Бабушка

Декабрьский мороз в наших рязанских краях, некогда граничащих с Диким полем – родным домом кочевников, всегда сдобрен ветром, гонящим поземку по полям да лощинам. Вот и сейчас пробирающий до костей ветер проникает сквозь одежду, гладит морозом шею, окутывает легкую мою, не по сезону, обувь.
Я прячу озябшие руки в карманы, предварительно осеняю себя крестным знаменем, глядя на полуразрушенную, без креста и купола, уныло стоящую на фоне снежной пустыни и давно не работающей школы, церковь Архангела Михаила.
Поворачиваюсь лицом к кладбищу, перед его поржавевшими некрасивыми воротами и забором, на двух табуретах, гроб с телом мой бабушки Анны.  Вокруг него несколько человек – мама, дядька, да трое-четверо старичков и старушек, хлопочущих на предмет: с какой стороны нужно обходить, при прощании, гроб, и развязаны ли у бабушки руки с ногами.
Меня, признаться, вся эта суета мало трогает – для души бабушкиной, перешагнувшей уже порог вечности, это не имеет, ровным счетом, никакого значения; да и, кроме того, я ни на секунду не сомневаюсь, что бабушка уже радуется в преддверии Царствия Небесного… А иначе и быть не может.
Она  прожила нелегкую жизнь – б=ольшая ее часть прошла в деревне, и б=ольшую ее часть бабушка провела вдовой, схоронив мужа в 1965-м. Ей тогда не исполнилось и сорока. Вот так, в деревне, а если уж совсем точно – в селе Никитино, осталась она одна с подрастающим сыном на руках.
Но делать было нечего, земная ее жизнь продолжалась, дочь уехала в город, нужно было поднимать сына. Одной поднимать.  Когда он подрос, то среднюю школу заканчивал уже в соседнем селе. А потом, также как и сестра его старшая, отправился в город – впрочем, прожив в каменных джунглях свыше десяти лет, вернулся обратно в село. Но тогда-то, по его отъезде, осталась бабушка одна в деревенском доме. Долгими зимними вечерами ей всегда было не по себе и даже страшно ночевать одной в тишине немаленького дома.
Скучать и горевать, впрочем, было некогда: бабушку назначали председателем сельсовета. Так, в одночасье, в подчинении у нее оказалось целое село и девять окрестных деревень, и, главное, люди, с их бедами да проблемами; ну и радостями, конечно.

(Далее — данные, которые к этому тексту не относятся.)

lemma card_configs_le:
  assumes I: "finite I" "\<forall>i\<in>I. finite (attr i)" and L: "1 < L"
    and R: "\<forall>i\<in>I. 0 < card (R i) \<and> real (card (R i)) \<le> n"
  shows "finite (configs L I attr R)"
    and "card (configs L I attr R) \<le> Suc (nat \<lfloor>log L n\<rfloor>) ^ card (Sigma I (\<lambda>i. Pow (attr i)))"
proof -
  define P where "P = Sigma I (\<lambda>i. Pow (attr i))"
  define N where "N = nat \<lfloor>log L n\<rfloor>"
  define f where "f c = restrict (\<lambda>(i, A). c i A) P" for c :: "_ \<Rightarrow> _ \<Rightarrow> nat"
  have "finite P" unfolding P_def using I by auto
  have inj: "inj_on f (configs L I attr R)"
  proof (rule inj_onI, intro ext)
    fix c c' i A
    assume c: "c \<in> configs L I attr R" and c': "c' \<in> configs L I attr R" and eq: "f c = f c'"
    show "c i A = c' i A"
    proof (cases "i \<in> I \<and> A \<subseteq> attr i")
      case True
      then show ?thesis using fun_cong[OF eq, of "(i, A)"] unfolding f_def P_def by simp
    next
      case False
      then show ?thesis using c c' unfolding configs_def by auto
    qed
  qed
  have into: "f ` configs L I attr R \<subseteq> PiE P (\<lambda>_. {..N})"
  proof (rule image_subsetI)
    fix c assume c: "c \<in> configs L I attr R"
    have "c i A \<in> {..N}" if "(i, A) \<in> P" for i A
      using config_le_nat_floor_log[OF c L] R that unfolding P_def N_def by auto
    then show "f c \<in> PiE P (\<lambda>_. {..N})" unfolding f_def by (auto simp: restrict_PiE_iff)
  qed
  have "finite (PiE P (\<lambda>_. {..N}))" using \<open>finite P\<close> by (simp add: finite_PiE)
  then show "finite (configs L I attr R)" using inj_on_finite[OF inj into] by blast
  have "card (configs L I attr R) \<le> card (PiE P (\<lambda>_. {..N}))"
    by (rule card_inj_on_le[OF inj into \<open>finite (PiE P (\<lambda>_. {..N}))\<close>])
  also have "\<dots> = Suc N ^ card P" using \<open>finite P\<close> by (simp add: card_PiE)
  finally show "card (configs L I attr R) \<le> Suc N ^ card (Sigma I (\<lambda>i. Pow (attr i)))"
    unfolding P_def .
qed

С должностью своей она вполне справлялась. Вот, скажем, все село наше боялось милиционера Яшкина, бывшего весьма буйным в лишенном трезвости состоянии, а вот Яшкин боялся  и, пожалуй, уважал единственного человека – мою бабушку. Еще бывало и так: среди ночи у окон ее дома раздавалось тарахтенье мотоцикла. Кого нелегкая принесла? А принесла она какого-нибудь полупьяного мужика, представавшего перед бабушкой с волосами всклокоченными, рубахой не застегнутой и, вдобавок, дышащим на бабушку перегаром. 
Пошатываясь и бурно жестикулируя, он обещал, в выражениях весьма крепких, порубить всех своих домашних – «Вот энтим топором», который он с собой прихватил и в мотоциклетной коляске оставил, коли бабушка, вот так прямо сейчас, на мотоцикле его, да среди ночи, не поедет с ним мирить его с женой.
Что ж, делать нечего – не брать же на себя кровь жены и детушек; одевалась бабушка наскоро, забиралась на заднее сиденье, и ночью, по размытой дождем дороге сельской, освещаемой бледным светом мотоциклетной фары, по кочкам да буеракам, на которые непременно заезжал полупьяный мужик, отправлялась она в соседнюю деревню, мир в семье водворять.
Но не всегда было в ее работе все так экстремально критически, случались и светлые минуты – ведь расписывать молодоженов тоже ей приходилось. Красила бабушка тогда губы ярко красной помадой, повязывала лоб красным платком и шла исполнять роль загсового работника. 
Помню, мальцом, каждые каникулы неизменно проводил я в деревне. И бабушка нередко, летом, брала меня с собой в сельсовет – на работу ее важную. А куда меня девать-то было, совсем мелкого?  Как-то вот отдали в сельский детский сад, но ненадолго почему-то.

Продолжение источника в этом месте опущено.